Makefiles for Scientists: A Guide to Automation

written by Ricky Lim on 2025-03-14

Why Scientists Should Care About Makefiles 📚

A Makefile is like a lab protocol, just like a lab protocol outlines the steps to prepare a sample, a makefile lists the steps to build your project. This enables scientists to automate these steps efficiently, allowing them to focus more on the science. Much like following a protocol ensures reproducibility in an experiment, using a Makefile ensures the reproducibility of your project development process.

Here's when and when not to use Makefiles:

When to use Makefiles 📝

Simplifying Repetitive Tasks: Makefiles are ideal for automating routine tasks such as building code projects, running tests, generating documentation and deploying applications.
Efficiency and Reproducibility: By defining dependencies and commands in a Makefile, researchers can automate tasks efficiently, saving time and reducing manual errors. This also ensures that development process is reproducible across different environments, like on MacOs, Linux, or even Windows.
Small to Medium-Sized Projects: Makefiles are well-suited for smaller projects where dependencies are straightforward. Keep it simple and avoid overcomplicating the Makefile.

When not to use Makefiles 🚫

Complex Projects: For such complex data analysis pipelines with intricate dependencies or dynamic outputs, tools like Nextflow or Snakemake are more suitable.
Large-Scale Projects: As projects grow in size and complexity, Makefiles can become cumbersome. They may struggle to scale efficiently with the computational resources required to run them, especially when managing large-scale data processing pipelines.

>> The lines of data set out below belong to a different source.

theorem lemma9:
  fixes n :: nat and u :: vtx
  assumes "n \<ge> 1" and "u \<in> octV n"
  shows "measure_pmf.prob (choices_pmf n) (E5 n u)
           < 36 * (\<Sum>i. 1 / (real (Suc i)) ^ 3) / (ln (real n + 1))\<^sup>2"
proof -
  define T where "T = (\<Sum>m=2..2 * n. 1 / (real m) ^ 3)"
  have "0 < ln (real n + 1)" using assms(1) by simp
  have "180 * T < 36 * (1 + T)"
    using sum_inverse_cubes_less[of "2 * n"] by (simp add: T_def)
  also have "\<dots> \<le> 36 * (\<Sum>i. 1 / (real (Suc i)) ^ 3)"
    using sum_inverse_cubes_le_zeta_3[of "2 * n"] assms(1) by (simp add: T_def)
  finally have "180 * T / (ln (real n + 1))\<^sup>2 < 36 * (\<Sum>i. 1 / (real (Suc i)) ^ 3) / (ln (real n + 1))\<^sup>2"
    using \<open>0 < ln (real n + 1)\<close> by (simp add: divide_strict_right_mono)
  moreover have "measure_pmf.prob (choices_pmf n) (E5 n u) \<le> 180 * T / (ln (real n + 1))\<^sup>2"
    using prob_E5_le[OF assms] sum_far_edges_inverse_squares_le[OF assms(2)]
    by (smt (verit) T_def divide_right_mono zero_le_power2)
  ultimately show ?thesis by linarith
qed

end
lemma Ck_on_subset: "Ck_on k f S \<Longrightarrow> T \<subseteq> S \<Longrightarrow> Ck_on k f T"
proof (induction k arbitrary: f)
  case 0
  then show ?case by (auto intro: continuous_on_subset)
next
  case (Suc k)
  then show ?case by (auto intro: differentiable_on_subset)
qed

lemma Ck_on_has_derivative:
  assumes "open S" "Ck_on (Suc k) f S" "x \<in> S"
  shows "(f has_derivative frechet_derivative f (at x)) (at x)"
proof -
  have "f differentiable (at x within S)" using assms by (auto simp: differentiable_on_def)
  then have "f differentiable (at x)" using assms at_within_open by metis
  then show ?thesis by (simp add: frechet_derivative_works)
qed

lemma Ck_on_cong:
  assumes "open S" "\<And>x. x \<in> S \<Longrightarrow> f x = g x" "Ck_on k f S"
  shows "Ck_on k g S"
  using assms
proof (induction k arbitrary: f g)
  case 0
  then show ?case using continuous_on_cong by force
next
  case (Suc k)
  have g': "(g has_derivative frechet_derivative f (at x)) (at x)" if "x \<in> S" for x
    using has_derivative_transform_within_open[OF Ck_on_has_derivative[OF Suc.prems(1,3) that]
        Suc.prems(1) that] Suc.prems(2) by blast
  then have "frechet_derivative g (at x) = frechet_derivative f (at x)" if "x \<in> S" for x
    using that frechet_derivative_at by metis
  then have "Ck_on k (\<lambda>x. frechet_derivative g (at x) v) S" for v
    using Suc.IH[of "\<lambda>x. frechet_derivative f (at x) v"] Suc.prems by auto
  moreover have "g differentiable_on S"
    using g' by (meson differentiable_at_withinI differentiable_def differentiable_on_def)
  ultimately show ?case by simp
qed

lemma Ck_on_SucI:
  assumes "open S" "\<And>x. x \<in> S \<Longrightarrow> (f has_derivative f' x) (at x)"
    and "\<And>v. Ck_on k (\<lambda>x. f' x v) S"
  shows "Ck_on (Suc k) f S"
proof -
  have "frechet_derivative f (at x) = f' x" if "x \<in> S" for x
    using assms(2)[OF that] frechet_derivative_at by metis
  then have "Ck_on k (\<lambda>x. frechet_derivative f (at x) v) S" for v
    using Ck_on_cong[OF assms(1) _ assms(3)[of v]] by auto
  moreover have "f differentiable_on S"
    using assms(2) by (meson differentiable_at_withinI differentiable_def differentiable_on_def)
  ultimately show ?thesis by simp
qed

lemma Ck_on_local:
  assumes "open S" "\<And>x. x \<in> S \<Longrightarrow> \<exists>N. open N \<and> x \<in> N \<and> Ck_on k f N"
  shows "Ck_on k f S"
  using assms
proof (induction k arbitrary: f)
  case 0
  have "continuous (at x) f" if "x \<in> S" for x
    using 0(2)[OF that] by (metis Ck_on.simps(1) continuous_on_eq_continuous_at)
  then show ?case by (simp add: continuous_at_imp_continuous_on)
next
  case (Suc k)
  have "f differentiable (at x)" if "x \<in> S" for x
    using Suc.prems(2)[OF that] by (metis Ck_on.simps(2) at_within_open differentiable_on_def)
  then have "f differentiable_on S"
    by (simp add: differentiable_at_imp_differentiable_on)
  moreover have "Ck_on k (\<lambda>x. frechet_derivative f (at x) v) S" for v
    using Suc.prems(2) by (intro Suc.IH[OF Suc.prems(1)]) fastforce
  ultimately show ?case by simp
qed
lemma sign_reading_word_step:
  assumes k: "k < N" and d: "D (Suc k) - D k = {c1, c2}" and lt: "c1 < c2"
    and perm: "permutation (word_perm (reading_word r k D))"
  shows "permutation (word_perm (reading_word r (Suc k) D))"
    and "sign (word_perm (reading_word r (Suc k) D))
      = sign (word_perm (reading_word r k D)) * (-1) ^ card {y \<in> D k. c1 < y \<and> y < c2}"
proof -
  let ?f = "syt_of_sdt r D" and ?S = "D k"
  have fin: "finite ?S"
    using youngD(1)[OF sdt_young] k by simp
  have c: "c1 \<in> D (Suc k) - D k" "c2 \<in> D (Suc k) - D k"
    using d by blast+
  have new: "c1 \<notin> ?S" "c2 \<notin> insert c1 ?S"
    using c lt by auto
  have D: "D (Suc k) = insert c2 (insert c1 ?S)"
    using d sdt_step[OF k] by blast
  have "Min (D (Suc k) - D k) = c1"
    unfolding d using lt by simp
  then have f: "?f c1 = Suc (card ?S)" "?f c2 = Suc (card (insert c1 ?S))"
    using syt_of_sdt_new_domino[OF k c(1)] syt_of_sdt_new_domino[OF k c(2)] lt new(1) fin
      sdt_card[of k] k by simp_all
  note first = sign_word_perm_insert[OF fin new(1) f(1) perm[unfolded reading_word_def]]
  note second = sign_word_perm_insert[OF finite_insert[THEN iffD2, OF fin] new(2) f(2) first(1)]
  show "permutation (word_perm (reading_word r (Suc k) D))"
    using second(1) unfolding reading_word_def D .
  have "{y \<in> insert c1 ?S. c2 < y} = {y \<in> ?S. c2 < y}"
    using lt by auto
  then have exponent: "card {y \<in> ?S. c1 < y} + card {y \<in> insert c1 ?S. c2 < y}
      = card {y \<in> ?S. c1 < y \<and> y < c2} + 2 * card {y \<in> ?S. c2 < y}"
    using card_greater_split[OF fin _ lt] new by simp
  have "(-1 :: int) ^ card {y \<in> ?S. c1 < y} * (-1) ^ card {y \<in> insert c1 ?S. c2 < y}
      = (-1) ^ card {y \<in> ?S. c1 < y \<and> y < c2}"
    unfolding power_add[symmetric] exponent by (simp add: power_add power_mult)
  then show "sign (word_perm (reading_word r (Suc k) D))
      = sign (word_perm (reading_word r k D)) * (-1) ^ card {y \<in> ?S. c1 < y \<and> y < c2}"
    using first(2) second(2) unfolding reading_word_def D by (simp add: mult.assoc)
qed
(* Let $r,s$ be positive integers, $Q\subseteq[r]\times[s]$, and let $I\subseteq\mathbb{K}[x]=\mathbb{K}[x_1,\dots,x_r]$ and $J\subseteq\mathbb{K}[y]=\mathbb{K}[y_1,\dots,y_s]$ be ideals homogeneous with respect to total degree. Let $F\subseteq I$ be a Gröbner basis of $I$ with respect to a weight $\omega_1\in\mathbb{R}^r$ and $G\subseteq J$ a Gröbner basis of $J$ with respect to a weight $\omega_2\in\mathbb{R}^s$, such that every element of $F$ is weakly $Q$-homogeneous with respect to $\omega_1$ and every element of $G$ is weakly $Q$-homogeneous with respect to $\omega_2$ (in the sense below). Then \[ \operatorname{Lift}(F)\cup\operatorname{Lift}(G)\cup H_Q \] is a pseudo-Gröbner basis of $I\times_Q J$ with respect to the weight $\omega^TB_Q$, where $\omega=(\omega_1,\omega_2)$ and $B_Q\in\mathbb{Z}^{(r+s)\times\#Q}$ is the matrix of exponent vectors of $\phi_Q$.
   Context: $\phi_Q:\mathbb{K}[z_{jk}:(j,k)\in Q]\to\mathbb{K}[x,y]$ is the homomorphism $z_{jk}\mapsto x_jy_k$, and $I_Q=\ker\phi_Q$. The quasi-independence gluing is $I\times_QJ:=\phi_Q^{-1}(I+J)$. $G_Q$ is the bipartite graph on vertex sets $[r]$ and $[s]$ (disjoint copies) with edge set $Q$. $H_Q$ is the set of binomials $\prod_{i=1}^\ell z_{j_ik_i}-\prod_{i=1}^\ell z_{j_{i+1}k_i}$ (indices mod $\ell$), one for each induced cycle $j_1-k_1-j_2-k_2-\cdots-j_\ell-k_\ell-j_1$ of $G_Q$. For a weight $\omega$, $\mathrm{in}_\omega(f)$ is the sum of terms of $f$ of maximal $\omega$-weight, and a finite set $P\subseteq K$ is a pseudo-Gröbner basis of an ideal $K$ with respect to $\omega$ if $\langle \mathrm{in}_\omega(P)\rangle=\mathrm{in}_\omega(K)$ (initial forms need not be monomials). Weak $Q$-homogeneity: a polynomial $f\in\mathbb{K}[x]$ homogeneous in total degree $d$ whose $\omega$-initial form is (a scalar multiple of) the monomial $x_{j_1}\cdots x_{j_d}$ is weakly $Q$-homogeneous with respect to $\omega$ if for every monomial $x_{j'_1}\cdots x_{j'_d}$ of $f$ there is a permutation $\sigma$ of $[d]$ with $\{(k_1,\dots,k_d)\in[s]^d:(j_\ell,k_\ell)\in Q\ \forall\ell\}\subseteq\{(k_1,\dots,k_d)\in[s]^d:(j'_{\sigma(\ell)},k_\ell)\in Q\ \forall\ell\}$. For polynomials in $\mathbb{K}[y]$ the definition is the same with the roles of the two coordinates of $Q$ swapped. Lifts: write a weakly $Q$-homogeneous $f=\sum_\ell c_\ell x_{j_{\ell,1}}\cdots x_{j_{\ell,d}}$ with leading monomial $x_{j_{*,1}}\cdots x_{j_{*,d}}$, each monomial's factors being ordered (by such a permutation) so that $(j_{*,i},k_i)\in Q$ for all $i$ implies $(j_{\ell,i},k_i)\in Q$ for all $i,\ell$. For $k=(k_1,\dots,k_d)\in[s]^d$ with $(j_{*,i},k_i)\in Q$ for all $i$, the lift is $f_k=\sum_\ell c_\ell z_{j_{\ell,1}k_1}\cdots z_{j_{\ell,d}k_d}$, and $\operatorname{Lift}(f)$ is the set of all such $f_k$; $\operatorname{Lift}(F)=\bigcup_{f\in F}\operatorname{Lift}(f)$. Lifts of elements of $\mathbb{K}[y]$ are defined symmetrically (lifting by first indices $j$). *)

theory Defs
  imports Complex_Main "HOL-Library.Poly_Mapping"
begin

type_synonym ('v, 'k) mpoly = "('v \<Rightarrow>\<^sub>0 nat) \<Rightarrow>\<^sub>0 'k"

definition polys_in :: "'v set \<Rightarrow> ('v, 'k::zero) mpoly set" where
  "polys_in V = {p. \<forall>m\<in>Poly_Mapping.keys p. Poly_Mapping.keys m \<subseteq> V}"

definition is_ideal_in :: "('v, 'k::comm_ring_1) mpoly set \<Rightarrow> ('v, 'k) mpoly set \<Rightarrow> bool" where
  "is_ideal_in R I \<longleftrightarrow> I \<subseteq> R \<and> 0 \<in> I \<and> (\<forall>f\<in>I. \<forall>g\<in>I. f + g \<in> I)
     \<and> (\<forall>h\<in>R. \<forall>f\<in>I. h * f \<in> I)"

definition ideal_gen :: "('v, 'k::comm_ring_1) mpoly set \<Rightarrow> ('v, 'k) mpoly set \<Rightarrow> ('v, 'k) mpoly set" where
  "ideal_gen R S = \<Inter>{K. is_ideal_in R K \<and> S \<subseteq> K}"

In summary, Makefiles are best for automating simple development tasks, while for complex data analysis tasks, consider more advanced tools.

Getting Started with Makefiles 🚀

When you think Makefiles is the right fit for your project, let's dive in and explore how to set them up!

First get Make installed on your system.

# Debian/Ubuntu
sudo apt install make

# macOS
brew install make

# Windows
choco install make

⚠️ Please ensure proper tab indentation for the Makefile since Make requires tabs, not spaces for indentation.

🚨 Using spaces instead of tabs can lead to errors when running the Makefile, so configure your editor to use tabs for indentation.

Here's a basic template to get you started:

.DEFAULT_GOAL := help

.PHONY: deploy
deploy: test docs build ## Deploy to production
    @echo "Deploying to production..."
    # Add your deployment commands here

.PHONY: test
test: ## Run tests
    @echo "Running tests..."
    # Add your test commands here

.PHONY: docs
docs: ## Generate documentation
    @echo "Generating documentation...."
    # Add your documentation commands here

.PHONY: build
build: ## Build the project
    @echo "Building the project..."
    # Add your build commands here

.PHONY: help
help:
    @grep -E '^[a-zA-Z_-]+:.*?## .*$$' $(MAKEFILE_LIST) | sort | awk 'BEGIN {FS = ":.*?## "}; {printf "\033[36m%-16s\033[0m %s\n", $$1, $$2}'

How It Works

Default Goal: The help target is set as the default. This means running make without any arguments will run the help target.

$ make
build            Build the project
deploy           Deploy to production
docs             Generate documentation
test             Run tests

Phony Targets: Targets like test are action commands, not files. These targets do not depend on whether files have been changed, they simply execute the commands.
Help Message: The help target generates a help message with descriptions of each target.
The dependencies are specified from Left to Right. When you run make deploy, it will run these targets in sequence: first test, then docs, followed by build, and finally it will execute the deploy command.

Key Takeaways

Makefiles are an underrated gem in the scientific world, offering powerful automation capabilities that take care of the boring tasks 🤖, while ensuring efficiency and reproducibility of your development process.

By automating the boring, Makefiles let you focus on what matters most—the science itself 🔬.